I returned to America on the morning of December 24th, 2018.
My return has felt, in a word, anticlimactic. My final trip around the subcontinent of Southeast Asia – comprising of a week in Kuala Lumpur with my younger brother, an unbelievable scuba dive trip in the Komodo Islands with my father, a week in Bali with one of my best friends and another week adventuring around Northern Thailand solo and with friends – was incredible and unforgettable, but not the focus of this blog. I hope to detail these trips in one or two more final blog posts.
This post is about my reintegration to American society, and the difficulties I have been having. Since arriving in America, I’ve seen countless friends and eaten countless bacon egg and cheeses. I’ve been overjoyed to be reunited with family and friends, enjoyed several trips into New York City, and begun searching for employment in the United States. But It all feels weird. Everything feels remarkably grayer than before I left. It’s not to say that my friends have changed or I haven’t enjoyed the company of familiar faces. It’s that I’ve changed, my world view has changed, my priorities have changed, and I’m having trouble reconciling all of that with the abrupt return to “home”. In a way, it feels like a big part of me has not returned home.
It sounds crazy, because while in Vietnam, especially towards the end I was ready to come back to America, to be surrounded by all my loved ones. I was hungry for something more, I loved teaching my students (well, playing musical chairs with my students) but I didn’t feel particularly challenged or stimulated by the day to day work. I looked forward to launching a fulfilling career back home.

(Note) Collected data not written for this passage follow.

(* For nonnegative integers $a,c$ put $\overline{\mathrm{gf}}(a,c)=\mathrm{gf}(a,a,c,0)$ if $c\ge a$ and $\overline{\mathrm{gf}}(a,c)=0$ if $c<a$; explicitly, for $c\ge a$, $$\overline{\mathrm{gf}}(a,c)=(2q^a)^{a-c}\prod_{j=1}^{c-a}\frac{(Xq^{j-1}+Yq^{1-j})(1-q^{2a+2j})}{1-q^{2j}}.$$ Then for every positive integer $n$, every nonnegative integer $d$, and all nonnegative integers $a_1<a_2<\dots<a_n$ and $c_1<c_2<\dots<c_n$ with $a_i\le c_i$ for all $i$, $$\det\left(\overline{\mathrm{gf}}(a_i+d,c_j+d)\right)_{i,j=1}^n=\det\left(\overline{\mathrm{gf}}(a_i,c_j)\right)_{i,j=1}^n\cdot\prod_{k=1}^n\left(\frac{(q^{2d+2};q^2)_{c_k}}{q^{dc_k}(q^2;q^2)_{c_k}}\cdot\frac{q^{da_k}(q^2;q^2)_{a_k}}{(q^{2d+2};q^2)_{a_k}}\right).$$
   Context: $X,Y,q$ are indeterminates and $(u;p)_n=\prod_{j=0}^{n-1}(1-up^j)$. Lattice paths in $\mathbb Z\times\mathbb Z$ use unit steps right, $(s,t)\to(s+1,t)$, and down, $(s,t)\to(s,t-1)$; a right step from $(s,t)$ has weight $\frac{Xq^{s-2t}+Yq^{2t-s}}{2}$, a down step weight $1$, a path's weight is the product of its step weights, and $\mathrm{gf}(a,b,c,d)$ is the sum of the weights of all paths from $(a,b)$ to $(c,d)$. *)

theory Defs
  imports Complex_Main "Jordan_Normal_Form.Determinant"
begin

definition qpoch :: "'a::comm_ring_1 \<Rightarrow> 'a \<Rightarrow> nat \<Rightarrow> 'a" where
  "qpoch u p n = (\<Prod>j<n. (1 - u * p ^ j))"

text \<open>A lattice path is encoded by its list of steps: True = right step,
  False = down step.  Weight of a path started at (s,t).\<close>
fun path_weight :: "'a::field \<Rightarrow> 'a \<Rightarrow> 'a \<Rightarrow> int \<Rightarrow> int \<Rightarrow> bool list \<Rightarrow> 'a" where
  "path_weight X Y q s t [] = 1"
| "path_weight X Y q s t (True # p) =
     (X * q powi (s - 2 * t) + Y * q powi (2 * t - s)) / 2 * path_weight X Y q (s + 1) t p"
| "path_weight X Y q s t (False # p) = path_weight X Y q s (t - 1) p"

fun path_end :: "int \<Rightarrow> int \<Rightarrow> bool list \<Rightarrow> int \<times> int" where
  "path_end s t [] = (s, t)"
| "path_end s t (True # p) = path_end (s + 1) t p"
| "path_end s t (False # p) = path_end s (t - 1) p"

text \<open>Every step increases s - t by one, so paths from (a,b) to (c,d) have
  length (c - a) + (b - d); the set below is thus exactly the set of all
  such paths (and it is finite).\<close>
definition paths :: "int \<Rightarrow> int \<Rightarrow> int \<Rightarrow> int \<Rightarrow> bool list set" where
  "paths a b c d = {p. length p = nat ((c - a) + (b - d)) \<and> path_end a b p = (c, d)}"

definition gf :: "'a::field \<Rightarrow> 'a \<Rightarrow> 'a \<Rightarrow> int \<Rightarrow> int \<Rightarrow> int \<Rightarrow> int \<Rightarrow> 'a" where
  "gf X Y q a b c d = (\<Sum>p\<in>paths a b c d. path_weight X Y q a b p)"

definition gfbar :: "'a::field \<Rightarrow> 'a \<Rightarrow> 'a \<Rightarrow> nat \<Rightarrow> nat \<Rightarrow> 'a" where
  "gfbar X Y q a c = (if a \<le> c then gf X Y q (int a) (int a) (int c) 0 else 0)"

end

theory Submission
  imports Defs
begin

text \<open>The identity holds entry by entry.
  Splitting a path at its first step gives a two-term recurrence for the path sums.  For paths
  with $k$ down steps and $m$ right steps it is solved by a product of $m$ right-step weights
  times the Gaussian binomial $[k+m, k]_{q^2} / q^{km}$: the X-parts and the Y-parts of the
  recurrence reduce to the two q-Pascal rules.  Consequently
  $\overline{gf}(a+d,c+d) = \overline{gf}(a,c)\, u(c)\, v(a)$, and scaling the rows and columns of
  a matrix multiplies its determinant by the product of the scaling factors.\<close>

lemma det_mat_scale_rows_cols:
  fixes f :: "nat \<Rightarrow> nat \<Rightarrow> 'a::comm_ring_1"
  shows "det (mat n n (\<lambda>(i,j). f i j * (u j * v i))) = det (mat n n (\<lambda>(i,j). f i j)) * (\<Prod>k<n. u k * v k)"
proof -
  have "det (mat n n (\<lambda>(i,j). f i j * (u j * v i))) =
    (\<Sum>p\<in>{p. p permutes {0..<n}}. signof p * (\<Prod>i = 0..<n. f i (p i) * (u (p i) * v i)))"
    unfolding det_def by simp
  also have "\<dots> = (\<Sum>p\<in>{p. p permutes {0..<n}}. signof p * (\<Prod>i = 0..<n. f i (p i)) * (\<Prod>k<n. u k * v k))"
  proof (intro sum.cong refl)
    fix p assume "p \<in> {p. p permutes {0..<n}}"
    then have pp: "p permutes {0..<n}" by simp
    have "(\<Prod>i = 0..<n. u (p i)) = (\<Prod>i = 0..<n. u i)"
      using prod.permute[OF pp, of u] by (simp add: comp_def)
    then show "signof p * (\<Prod>i = 0..<n. f i (p i) * (u (p i) * v i)) = signof p * (\<Prod>i = 0..<n. f i (p i)) * (\<Prod>k<n. u k * v k)"
      by (simp add: prod.distrib atLeast0LessThan mult.assoc)
  qed
  also have "\<dots> = det (mat n n (\<lambda>(i,j). f i j)) * (\<Prod>k<n. u k * v k)"
    unfolding det_def by (simp add: sum_distrib_right)
  finally show ?thesis .
qed

definition qfact :: "'a::comm_ring_1 \<Rightarrow> nat \<Rightarrow> 'a" where
  "qfact r n = qpoch r r n"

lemma qfact_0 [simp]: "qfact r 0 = 1"
  by (simp add: qfact_def qpoch_def)

lemma qfact_Suc: "qfact r (Suc n) = qfact r n * (1 - r ^ Suc n)"
  by (simp add: qfact_def qpoch_def mult.commute)

lemma qfact_nonzero:
  fixes r :: "'a::idom"
  assumes "\<And>k. k > 0 \<Longrightarrow> r ^ k \<noteq> 1"
  shows "qfact r n \<noteq> 0"
proof (induction n)
  case (Suc n)
  then show ?case using assms[of "Suc n"] by (simp add: qfact_Suc)
qed simp

lemma qfact_mult_qpoch: "qfact r d * qpoch (r ^ Suc d) r x = qfact r (x + d)"
proof (induction x)
  case 0
  show ?case by (simp add: qpoch_def)
next
  case (Suc x)
  have "qfact r d * qpoch (r ^ Suc d) r (Suc x) = qfact r (x + d) * (1 - r ^ Suc d * r ^ x)"
    by (simp add: qpoch_def Suc.IH[symmetric] mult.assoc)
  also have "\<dots> = qfact r (Suc x + d)"
    by (simp add: qfact_Suc power_add ac_simps)
  finally show ?case .
qed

Part of the melancholic feeling must be the inevitable result of returning to cruising altitude from such a chaotic year. Over my year abroad I experienced both the highest highs and lowest lows I’ve ever known. I endeavored through the lows and delighted in the highs, but each day I woke up on the other side of the world I woke up with a sense of adventure and excitement – whether good or bad, I was not short of emotions.
It also is an adjustment to returning to a life where there aren’t major things to look forward to. The entirety of my year abroad, I was counting down the days til my next once in a lifetime adventure which rarely was more than a month or two away. Whether it was counting down til my parents visited or friends to traverse the countryside or experience things like the Grand Prix with, what got me through all of the lows was the promise of inevitable highs. A weekend trip to New York, while nice, is a more muted goalpost to venture towards than these grand adventures upon which I was embarking.
Back in the States, I also begin to wonder – what is the point? Of all of this? Work hard, get a good job, make money all so I can pay rent? So I can eat? Go out once a week? Save for retirement? So I can get my several weeks off a year? I was bit hard by the travel bug, the sense of how truly big and beautiful the world is and I want to see it. How am I gonna do that with just two weeks vacation per year?
I knew coming back to the United States would be an adjustment, just as I knew moving to Vietnam would be an adjustment. I underestimated both. I was able to find my voice and my footing in Vietnam and make my year abroad remarkable, learn a lot about myself and a little bit about the world, and see some things. I was able to make 2018, while the most difficult year of my life, the best year of my life. The United States and 2019 have shown that they will offer a totally different type of challenge. Whether I can rise to meet it remains to be seen. Whether I even should remains to be seen. Only time will tell if the part of me that has not returned from Southeast Asia will eventually get back here, or if I’ll have to go back over there to fetch it.